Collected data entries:
┄┄┄┄┄┄┄┄┄┄

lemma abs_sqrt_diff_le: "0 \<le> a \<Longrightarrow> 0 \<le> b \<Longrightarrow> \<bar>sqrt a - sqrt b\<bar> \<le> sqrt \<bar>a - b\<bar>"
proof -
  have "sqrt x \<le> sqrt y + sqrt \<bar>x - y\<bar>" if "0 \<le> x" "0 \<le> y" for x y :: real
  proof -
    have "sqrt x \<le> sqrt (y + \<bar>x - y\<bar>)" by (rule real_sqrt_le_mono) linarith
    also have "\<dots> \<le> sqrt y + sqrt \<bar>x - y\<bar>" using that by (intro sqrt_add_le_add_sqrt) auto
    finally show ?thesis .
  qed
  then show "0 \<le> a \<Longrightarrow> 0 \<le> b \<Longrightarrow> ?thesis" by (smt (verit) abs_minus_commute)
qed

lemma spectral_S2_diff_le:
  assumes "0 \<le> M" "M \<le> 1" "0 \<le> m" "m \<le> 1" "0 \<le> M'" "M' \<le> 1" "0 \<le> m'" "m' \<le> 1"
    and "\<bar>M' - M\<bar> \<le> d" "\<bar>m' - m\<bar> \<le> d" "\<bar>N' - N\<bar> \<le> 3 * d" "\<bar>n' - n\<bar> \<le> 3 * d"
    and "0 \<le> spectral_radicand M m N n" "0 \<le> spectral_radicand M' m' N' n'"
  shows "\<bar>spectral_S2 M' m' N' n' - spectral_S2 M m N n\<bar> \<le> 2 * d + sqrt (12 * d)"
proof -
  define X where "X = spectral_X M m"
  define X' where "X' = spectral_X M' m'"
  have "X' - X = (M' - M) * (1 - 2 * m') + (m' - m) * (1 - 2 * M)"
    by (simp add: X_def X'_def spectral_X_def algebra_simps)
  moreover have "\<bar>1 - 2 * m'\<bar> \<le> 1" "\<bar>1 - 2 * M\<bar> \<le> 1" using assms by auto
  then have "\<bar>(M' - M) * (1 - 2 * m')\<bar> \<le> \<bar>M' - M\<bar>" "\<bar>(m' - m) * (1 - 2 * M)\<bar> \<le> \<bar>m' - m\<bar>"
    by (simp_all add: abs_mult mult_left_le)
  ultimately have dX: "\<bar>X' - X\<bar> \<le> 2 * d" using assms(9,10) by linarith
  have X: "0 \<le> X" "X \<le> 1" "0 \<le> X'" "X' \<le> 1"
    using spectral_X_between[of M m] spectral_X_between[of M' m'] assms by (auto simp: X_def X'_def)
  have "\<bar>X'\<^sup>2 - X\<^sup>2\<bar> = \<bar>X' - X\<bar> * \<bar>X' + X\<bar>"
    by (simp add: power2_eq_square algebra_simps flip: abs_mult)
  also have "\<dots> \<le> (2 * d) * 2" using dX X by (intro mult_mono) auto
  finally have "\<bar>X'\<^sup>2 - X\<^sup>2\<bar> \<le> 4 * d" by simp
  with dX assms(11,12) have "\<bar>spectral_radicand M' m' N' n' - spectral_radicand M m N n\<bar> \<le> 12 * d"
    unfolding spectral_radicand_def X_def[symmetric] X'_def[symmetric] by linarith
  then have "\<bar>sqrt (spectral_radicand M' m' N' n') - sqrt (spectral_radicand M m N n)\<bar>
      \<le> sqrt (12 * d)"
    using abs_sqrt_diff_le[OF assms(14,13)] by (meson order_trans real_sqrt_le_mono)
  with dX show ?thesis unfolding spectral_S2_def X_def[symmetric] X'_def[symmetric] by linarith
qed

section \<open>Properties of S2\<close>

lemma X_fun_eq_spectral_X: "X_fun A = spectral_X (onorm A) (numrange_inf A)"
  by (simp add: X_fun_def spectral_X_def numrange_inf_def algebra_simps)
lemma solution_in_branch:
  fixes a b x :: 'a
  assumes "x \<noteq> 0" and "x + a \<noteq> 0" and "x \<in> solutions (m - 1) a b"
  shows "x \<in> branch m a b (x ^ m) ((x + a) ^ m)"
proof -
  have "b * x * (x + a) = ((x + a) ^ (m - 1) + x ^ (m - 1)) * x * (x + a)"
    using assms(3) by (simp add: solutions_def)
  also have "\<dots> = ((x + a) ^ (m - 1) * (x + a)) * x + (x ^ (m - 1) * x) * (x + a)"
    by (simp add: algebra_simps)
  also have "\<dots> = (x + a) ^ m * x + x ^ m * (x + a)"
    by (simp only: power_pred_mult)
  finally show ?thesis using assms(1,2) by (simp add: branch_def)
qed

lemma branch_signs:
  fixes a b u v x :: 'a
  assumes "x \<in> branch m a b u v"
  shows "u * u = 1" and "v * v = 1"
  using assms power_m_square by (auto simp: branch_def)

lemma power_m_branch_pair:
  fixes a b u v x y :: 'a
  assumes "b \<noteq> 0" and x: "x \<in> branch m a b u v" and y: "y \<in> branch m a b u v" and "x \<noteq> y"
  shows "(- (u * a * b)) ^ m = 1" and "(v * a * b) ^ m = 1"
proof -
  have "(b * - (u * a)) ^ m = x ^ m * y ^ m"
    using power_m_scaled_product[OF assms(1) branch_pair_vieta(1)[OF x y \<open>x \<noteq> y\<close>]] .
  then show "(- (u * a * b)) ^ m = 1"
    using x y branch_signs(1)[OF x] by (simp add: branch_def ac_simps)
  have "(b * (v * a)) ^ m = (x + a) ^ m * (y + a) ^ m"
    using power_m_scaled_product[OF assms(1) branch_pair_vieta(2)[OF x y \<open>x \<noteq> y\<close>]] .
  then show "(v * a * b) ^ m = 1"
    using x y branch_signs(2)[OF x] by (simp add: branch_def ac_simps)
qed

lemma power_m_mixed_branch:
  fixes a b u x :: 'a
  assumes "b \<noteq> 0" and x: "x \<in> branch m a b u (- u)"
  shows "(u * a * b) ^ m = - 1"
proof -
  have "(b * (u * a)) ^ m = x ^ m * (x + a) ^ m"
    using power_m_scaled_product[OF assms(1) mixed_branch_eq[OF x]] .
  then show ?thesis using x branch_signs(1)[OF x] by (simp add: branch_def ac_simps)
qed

┄┄┄┄┄┄┄┄┄┄

To do -> Repeat only what lies between the first line of the data and the line containing "define X' where", both of those lines included, exactly as it stands.

Answer box ->
lemma abs_sqrt_diff_le: "0 \<le> a \<Longrightarrow> 0 \<le> b \<Longrightarrow> \<bar>sqrt a - sqrt b\<bar> \<le> sqrt \<bar>a - b\<bar>"
proof -
  have "sqrt x \<le> sqrt y + sqrt \<bar>x - y\<bar>" if "0 \<le> x" "0 \<le> y" for x y :: real
  proof -
    have "sqrt x \<le> sqrt (y + \<bar>x - y\<bar>)" by (rule real_sqrt_le_mono) linarith
    also have "\<dots> \<le> sqrt y + sqrt \<bar>x - y\<bar>" using that by (intro sqrt_add_le_add_sqrt) auto
    finally show ?thesis .
  qed
  then show "0 \<le> a \<Longrightarrow> 0 \<le> b \<Longrightarrow> ?thesis" by (smt (verit) abs_minus_commute)
qed

lemma spectral_S2_diff_le:
  assumes "0 \<le> M" "M \<le> 1" "0 \<le> m" "m \<le> 1" "0 \<le> M'" "M' \<le> 1" "0 \<le> m'" "m' \<le> 1"
    and "\<bar>M' - M\<bar> \<le> d" "\<bar>m' - m\<bar> \<le> d" "\<bar>N' - N\<bar> \<le> 3 * d" "\<bar>n' - n\<bar> \<le> 3 * d"
    and "0 \<le> spectral_radicand M m N n" "0 \<le> spectral_radicand M' m' N' n'"
  shows "\<bar>spectral_S2 M' m' N' n' - spectral_S2 M m N n\<bar> \<le> 2 * d + sqrt (12 * d)"
proof -
  define X where "X = spectral_X M m"
  define X' where "X' = spectral_X M' m'"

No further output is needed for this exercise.